Over the past two and a half months, I have been journaling. I feel like it helps. It helps me get the thoughts in my head out and organized. I feel like it helps me process what I am feeling better than keeping it all in. However, I don’t write anything by hand often and have never had good penmanship so when I try to go back a re-read something I wrote, most times, it’s hard to decipher. I decided to start this blog as a way to journal electronically, hopefully I will be able to revisit my posts and actually read what I have written. I’ve been reading so many baby loss blogs and it seems to help so many, so I figured I would give it a try.
I don’t expect to have any followers, I am not even sure I
am going to willingly share this blog with family and friends. My hope with this blog is that I can begin to
process what I am feeling and if anyone does stumble across my ramblings, I
hope that maybe they can find something useful in this.
To anyone who actually reads this, I don’t claim to be an
English scholar or a writer. This is
just what’s floating in my head on any given day.
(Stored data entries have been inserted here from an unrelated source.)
(* Let $(X,\tau_\delta)_{\delta>0}$ be a Hilbert dilation system, $\mathcal E\subseteq X$ an ellipsoid, $\epsilon\in(0,1/2)$, $I\subseteq(0,\infty)$ a compact interval, and suppose $\tau_\delta\mathcal E$ is $\epsilon$-degenerate for every $\delta\in I$. Then there is a subspace $H\subseteq X$ such that for all $\delta\in I$: (a) $\tau_\delta\mathcal E\subseteq\tau_\delta H+\epsilon\mathcal B$, and (b) $\tau_\delta H\cap\frac{1}{2\epsilon}\mathcal B\subseteq\tau_\delta\mathcal E$.
   Context: Hilbert dilation system: $X$ a real Hilbert space of finite dimension $d$, $X=\bigoplus_{\nu=1}^mX_\nu$ orthogonal, $\tau_\delta|_{X_\nu}=\delta^{-\nu}\mathrm{id}$. $\mathcal B$ is the closed unit ball of $X$. A (centered) ellipsoid is a set $\{\sum_{i=1}^dc_i\sigma_iv_i:\sum c_i^2\le1\}$ with $\sigma_1\ge\dots\ge\sigma_d\ge0$ (principal axis lengths) and $\{v_i\}$ an orthonormal basis. An ellipsoid is $\epsilon$-degenerate if none of its principal axis lengths lies in $[\epsilon,\epsilon^{-1}]$. *)

theory Defs
  imports "HOL-Analysis.Analysis"
begin

definition hilbert_dilation_system ::
  "nat \<Rightarrow> (nat \<Rightarrow> 'a::euclidean_space set) \<Rightarrow> (real \<Rightarrow> 'a \<Rightarrow> 'a) \<Rightarrow> bool" where
  "hilbert_dilation_system m Xs tau \<longleftrightarrow>
     (\<forall>nu\<in>{1..m}. subspace (Xs nu)) \<and>
     (\<forall>nu\<in>{1..m}. \<forall>mu\<in>{1..m}. nu \<noteq> mu \<longrightarrow>
         (\<forall>x\<in>Xs nu. \<forall>y\<in>Xs mu. x \<bullet> y = 0)) \<and>
     span (\<Union>nu\<in>{1..m}. Xs nu) = UNIV \<and>
     (\<forall>delta>0. linear (tau delta) \<and>
        (\<forall>nu\<in>{1..m}. \<forall>x\<in>Xs nu. tau delta x = (delta powi (- int nu)) *\<^sub>R x))"

text \<open>E is the ellipsoid with principal axis lengths sg 0 \<ge> ... \<ge> sg (d-1) \<ge> 0
  along the orthonormal basis v 0, ..., v (d-1), where d = DIM('a).\<close>
definition ellipsoid_rep :: "'a::euclidean_space set \<Rightarrow> (nat \<Rightarrow> real) \<Rightarrow> (nat \<Rightarrow> 'a) \<Rightarrow> bool" where
  "ellipsoid_rep E sg v \<longleftrightarrow>
     (\<forall>i<DIM('a). norm (v i) = 1) \<and>
     (\<forall>i<DIM('a). \<forall>j<DIM('a). i \<noteq> j \<longrightarrow> v i \<bullet> v j = 0) \<and>
     (\<forall>i<DIM('a). 0 \<le> sg i) \<and>
     (\<forall>i<DIM('a). \<forall>j<DIM('a). i \<le> j \<longrightarrow> sg j \<le> sg i) \<and>
     E = {(\<Sum>i<DIM('a). (c i * sg i) *\<^sub>R v i) | c. (\<Sum>i<DIM('a). (c i)\<^sup>2) \<le> 1}"

definition ellipsoid :: "'a::euclidean_space set \<Rightarrow> bool" where
  "ellipsoid E \<longleftrightarrow> (\<exists>sg v. ellipsoid_rep E sg v)"

definition eps_degenerate :: "real \<Rightarrow> 'a::euclidean_space set \<Rightarrow> bool" where
  "eps_degenerate eps E \<longleftrightarrow>
     (\<exists>sg v. ellipsoid_rep E sg v \<and> (\<forall>i<DIM('a). sg i \<notin> {eps..1/eps}))"

end

theory Submission imports Defs begin

(* Let L be the span of the principal axes of tau a E longer than 1/eps and H = tau (1/a) L.
   For delta >= a the map tau (delta/a) is a contraction, so the short axes of tau a E, of length
   < eps, stay short; this gives (a).
   For (b), the inclusion tau delta H \<inter> B(1/(2 eps)) \<subseteq> tau delta E is propagated upwards from
   delta = a in steps delta \<le> rho gamma with rho^m 2 eps \<le> 1/(2 eps): across such a step the
   dilations stretch norms by at most rho^m, so the inclusion at gamma yields the one with radius
   2 eps at delta, and degeneracy of tau delta E upgrades the radius back to 1/(2 eps). Indeed,
   otherwise some z \<in> L lies outside tau a E. The hyperplane through 0 orthogonal to the gradient
   at z of the quadratic form of tau a E meets L in a subspace of smaller dimension, so counting
   dimensions gives a vector x of length 1/eps spanned by the long axes of tau delta E and
   orthogonal to the image of that subspace. Then x \<in> tau delta E, but splitting its preimage
   along L shows |x| \<le> 1/(2 eps) + eps < 1/eps. *)

lemma sum_squares_subset_le:
  fixes c :: "'i \<Rightarrow> real"
  shows "finite I \<Longrightarrow> K \<subseteq> I \<Longrightarrow> (\<Sum>i\<in>K. (c i)\<^sup>2) \<le> (\<Sum>i\<in>I. (c i)\<^sup>2)"
  by (rule sum_mono2) auto

lemma abs_mult_le_half_sum_squares: "\<bar>p * q\<bar> \<le> (p\<^sup>2 + q\<^sup>2) / 2" for p q :: real
proof -
  have "0 \<le> (\<bar>p\<bar> - \<bar>q\<bar>)\<^sup>2" by simp
  then show ?thesis by (simp add: power2_eq_square abs_mult algebra_simps)
qed

lemma abs_sum_mult_le_sum_squares:
  fixes p c :: "'i \<Rightarrow> real"
  assumes "(\<Sum>i\<in>I. (c i)\<^sup>2) \<le> 1" "1 \<le> (\<Sum>i\<in>I. (p i)\<^sup>2)"
  shows "\<bar>\<Sum>i\<in>I. p i * c i\<bar> \<le> (\<Sum>i\<in>I. (p i)\<^sup>2)"
proof -
  have "\<bar>\<Sum>i\<in>I. p i * c i\<bar> \<le> (\<Sum>i\<in>I. ((p i)\<^sup>2 + (c i)\<^sup>2) / 2)"
    using sum_abs[of "\<lambda>i. p i * c i" I] sum_mono[OF abs_mult_le_half_sum_squares] by (rule order_trans)
  also have "\<dots> = ((\<Sum>i\<in>I. (p i)\<^sup>2) + (\<Sum>i\<in>I. (c i)\<^sup>2)) / 2"
    by (simp add: sum.distrib flip: sum_divide_distrib)
  also have "\<dots> \<le> (\<Sum>i\<in>I. (p i)\<^sup>2)"
    using assms by simp
  finally show ?thesis .
qed

lemma half_inverse_plus_lt_inverse:
  fixes eps :: real
  assumes "0 < eps" "eps < 1/2"
  shows "1/(2*eps) + eps < 1/eps"
proof -
  have "eps * eps < 1/2 * (1/2)"
    using assms by (intro mult_strict_mono) auto
  then have "eps < 1/(2*eps)"
    using assms(1) by (simp add: pos_less_divide_eq mult.commute mult.left_commute)
  moreover have "1/eps = 1/(2*eps) + 1/(2*eps)"
    using assms(1) by (simp add: field_simps)
  ultimately show ?thesis
    by linarith
qed

lemma exists_gt_one_power_mult_le:
  fixes r R :: real
  assumes "0 < r" "r < R"
  obtains \<rho> where "1 < \<rho>" "\<rho> ^ m * r \<le> R"
proof
  let ?\<rho> = "root (Suc m) (R / r)"
  show "1 < ?\<rho>"
    using assms by simp
  have "?\<rho> ^ m \<le> ?\<rho> ^ Suc m"
    using \<open>1 < ?\<rho>\<close> by (intro power_increasing) auto
  also have "\<dots> = R / r"
    using assms by (intro real_root_pow_pos2) auto
  finally show "?\<rho> ^ m * r \<le> R"
    using assms(1) by (simp add: le_divide_eq)
qed

lemma geometric_interval_induct:
  fixes a b \<rho> \<delta> :: real
  assumes "1 < \<rho>" "0 < a" "P a"
    and step: "\<And>\<gamma> \<delta>. a \<le> \<gamma> \<Longrightarrow> \<gamma> \<le> \<delta> \<Longrightarrow> \<delta> \<le> \<rho> * \<gamma> \<Longrightarrow> \<delta> \<le> b \<Longrightarrow> P \<gamma> \<Longrightarrow> P \<delta>"
    and "\<delta> \<in> {a..b}"
  shows "P \<delta>"
proof -
  have "P \<delta>" if "a \<le> \<delta>" "\<delta> \<le> b" "\<delta> \<le> a * \<rho> ^ n" for n \<delta>
    using that
  proof (induction n arbitrary: \<delta>)
    case 0
    then have "\<delta> = a"
      by simp
    then show ?case
      using \<open>P a\<close> by simp
  next
    case (Suc n)
    let ?\<gamma> = "a * \<rho> ^ n"
    show ?case
    proof (cases "\<delta> \<le> ?\<gamma>")
      case True
      then show ?thesis
        using Suc.IH[OF Suc.prems(1,2)] by blast
    next
      case False
      show ?thesis
      proof (rule step)
        show "a \<le> ?\<gamma>"
          using assms(1,2) by (simp add: one_le_power)
        show "?\<gamma> \<le> \<delta>" "\<delta> \<le> b"
          using False Suc.prems(2) by simp_all
        show "\<delta> \<le> \<rho> * ?\<gamma>"
          using Suc.prems(3) by (simp add: mult.left_commute)
        show "P ?\<gamma>"
          using Suc.IH[OF \<open>a \<le> ?\<gamma>\<close>] \<open>?\<gamma> \<le> \<delta>\<close> \<open>\<delta> \<le> b\<close> by simp
      qed
    qed
  qed
  moreover obtain n where "\<delta> / a < \<rho> ^ n"
    using real_arch_pow[OF assms(1)] by blast
  then have "\<delta> \<le> a * \<rho> ^ n"
    using assms(2) by (simp add: divide_less_eq mult.commute)
  ultimately show ?thesis
    using assms(5) by simp
qed

lemma norm_le_of_orthogonal_component:
  fixes x y w g :: "'a::real_inner"
  assumes "x = y + w" "(y - \<beta> *\<^sub>R g) \<bullet> x = 0" "\<bar>\<beta>\<bar> \<le> 1"
  shows "norm x \<le> norm g + norm w"
proof (cases "x = 0")
  case False
  have "(norm x)\<^sup>2 = \<beta> * (g \<bullet> x) + w \<bullet> x"
    using assms(1,2) by (simp add: power2_norm_eq_inner inner_add_left inner_diff_left)
  also have "\<dots> \<le> norm g * norm x + norm w * norm x"
  proof (rule add_mono)
    have "\<beta> * (g \<bullet> x) \<le> \<bar>\<beta>\<bar> * \<bar>g \<bullet> x\<bar>"
      using abs_ge_self[of "\<beta> * (g \<bullet> x)"] by (simp add: abs_mult)
    also have "\<dots> \<le> 1 * (norm g * norm x)"
      using assms(3) Cauchy_Schwarz_ineq2[of g x] by (intro mult_mono) auto
    finally show "\<beta> * (g \<bullet> x) \<le> norm g * norm x" by simp
  qed (rule norm_cauchy_schwarz)
  finally show ?thesis
    using False by (simp add: power2_eq_square distrib_right[symmetric])
qed simp
text \<open>The weight z - 1/2, bounded by 1/2 on [0, 1], is where the Poincare constant comes from.\<close>
lemma integral_excess_powr_deriv_mult_second_deriv_le:
  fixes X Xz Xzz :: "real \<Rightarrow> real"
  assumes p: "p > 2" and D: "D \<ge> 0" and lr: "0 \<le> l" "l \<le> r" "r \<le> 1"
    and dX: "\<And>z. z \<in> {l..r} \<Longrightarrow> (X has_real_derivative Xz z) (at z)"
    and dXz: "\<And>z. z \<in> {l..r} \<Longrightarrow> (Xz has_real_derivative Xzz z) (at z)"
    and cXzz: "continuous_on {l..r} Xzz"
    and ends: "\<bar>X l\<bar> \<le> D" "\<bar>X r\<bar> \<le> D"
  shows "integral {l..r} (\<lambda>z. excess_powr_deriv p D (X z) * Xzz z)
           \<le> - 2 * integral {l..r} (\<lambda>z. excess_powr p D (X z))"
proof -
  let ?\<Phi> = "excess_powr p D" and ?\<Phi>' = "excess_powr_deriv p D" and ?\<Phi>'' = "excess_powr_deriv2 p D"
  have cX: "continuous_on {l..r} X" and cXz: "continuous_on {l..r} Xz"
    using dX dXz by (meson DERIV_isCont continuous_at_imp_continuous_on)+
  have c\<Phi>: "continuous_on {l..r} (\<lambda>z. ?\<Phi> (X z))"
    using continuous_on_compose2[OF continuous_on_excess_powr[OF p D] cX] by auto
  have c\<Phi>': "continuous_on {l..r} (\<lambda>z. ?\<Phi>' (X z))"
    using continuous_on_compose2[OF continuous_on_excess_powr_deriv[OF p D] cX] by auto
  define I1 where "I1 = integral {l..r} (\<lambda>z. ?\<Phi>' (X z) * Xzz z)"
  define I2 where "I2 = integral {l..r} (\<lambda>z. ?\<Phi>'' (X z) * (Xz z)\<^sup>2)"
  define I3 where "I3 = integral {l..r} (\<lambda>z. ?\<Phi> (X z))"
  define I4 where "I4 = integral {l..r} (\<lambda>z. ?\<Phi>' (X z) * Xz z * (z - 1/2))"
  have i1: "(\<lambda>z. ?\<Phi>' (X z) * Xzz z) integrable_on {l..r}"
    by (intro integrable_continuous_interval continuous_on_mult c\<Phi>' cXzz)
  have i3: "(\<lambda>z. ?\<Phi> (X z)) integrable_on {l..r}"
    by (intro integrable_continuous_interval c\<Phi>)
  have i4: "(\<lambda>z. ?\<Phi>' (X z) * Xz z * (z - 1/2)) integrable_on {l..r}"
    by (intro integrable_continuous_interval continuous_on_mult c\<Phi>' cXz continuous_intros)
  have parts1: "((\<lambda>z. ?\<Phi>'' (X z) * (Xz z)\<^sup>2 + ?\<Phi>' (X z) * Xzz z) has_integral 0) {l..r}"
  proof (rule has_integral_deriv_0_if_vanishing_at_ends[where F="\<lambda>z. ?\<Phi>' (X z) * Xz z"])
    fix z assume z: "z \<in> {l..r}"
    show "((\<lambda>z. ?\<Phi>' (X z) * Xz z) has_real_derivative ?\<Phi>'' (X z) * (Xz z)\<^sup>2 + ?\<Phi>' (X z) * Xzz z) (at z)"
      by (rule DERIV_mult[OF DERIV_chain2[OF has_real_derivative_excess_powr_deriv[OF p D] dX[OF z]] dXz[OF z],
            THEN DERIV_cong]) (simp add: power2_eq_square)
  qed (use lr ends in \<open>auto simp: excess_powr_deriv_eq_0\<close>)
  have i2: "(\<lambda>z. ?\<Phi>'' (X z) * (Xz z)\<^sup>2) integrable_on {l..r}"
    using integrable_diff[OF has_integral_integrable[OF parts1] i1] by simp
  have parts2: "((\<lambda>z. ?\<Phi>' (X z) * Xz z * (z - 1/2) + ?\<Phi> (X z)) has_integral 0) {l..r}"
  proof (rule has_integral_deriv_0_if_vanishing_at_ends[where F="\<lambda>z. ?\<Phi> (X z) * (z - 1/2)"])
    fix z assume z: "z \<in> {l..r}"
    show "((\<lambda>z. ?\<Phi> (X z) * (z - 1/2)) has_real_derivative ?\<Phi>' (X z) * Xz z * (z - 1/2) + ?\<Phi> (X z)) (at z)"
      by (rule DERIV_mult[OF DERIV_chain2[OF has_real_derivative_excess_powr[OF p D] dX[OF z]]
            DERIV_diff[OF DERIV_ident DERIV_const], THEN DERIV_cong]) simp
  qed (use lr ends in \<open>auto simp: excess_powr_eq_0\<close>)
  have "I2 + I1 = 0"
    using integral_unique[OF parts1] integral_add[OF i2 i1] by (simp add: I1_def I2_def)
  moreover have "I4 + I3 = 0"
    using integral_unique[OF parts2] integral_add[OF i4 i3] by (simp add: I3_def I4_def)
  moreover have "- I4 \<le> I3 / 2 + I2 / 4"
  proof -
    have "integral {l..r} (\<lambda>z. - (?\<Phi>' (X z) * Xz z * (z - 1/2)))
        \<le> integral {l..r} (\<lambda>z. ?\<Phi> (X z) / 2 + ?\<Phi>'' (X z) * (Xz z)\<^sup>2 / 4)"
    proof (rule integral_le)
      fix z assume "z \<in> {l..r}"
      then have "\<bar>z - 1/2\<bar> \<le> 1/2" using lr by (auto simp: abs_if)
      then show "- (?\<Phi>' (X z) * Xz z * (z - 1/2)) \<le> ?\<Phi> (X z) / 2 + ?\<Phi>'' (X z) * (Xz z)\<^sup>2 / 4"
        using p by (intro excess_powr_young) auto
    qed (intro integrable_neg integrable_add integrable_on_divide i2 i3 i4)+
    then show ?thesis
      using integral_add[OF integrable_on_divide[OF i3] integrable_on_divide[OF i2]]
      by (simp add: I2_def I3_def I4_def)
  qed
  ultimately show ?thesis by (simp add: I1_def I3_def)
qed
First let me say i am so sorry for your loss and your poem is amazing. Second, i feel reading this that parts of this i have said myself. We lost our only grandchild in 2009 and i dont want to be "back to normal", i will never stop grieving and i feel cheated. I grieve double- for my daughter and my own loss. Our Chloe was 7 days old when she went to heaven. I admire you for this blog and know you will gain strength from it. The best thing i can say to you is she wont be forgotten. God bless you... Keep sharing.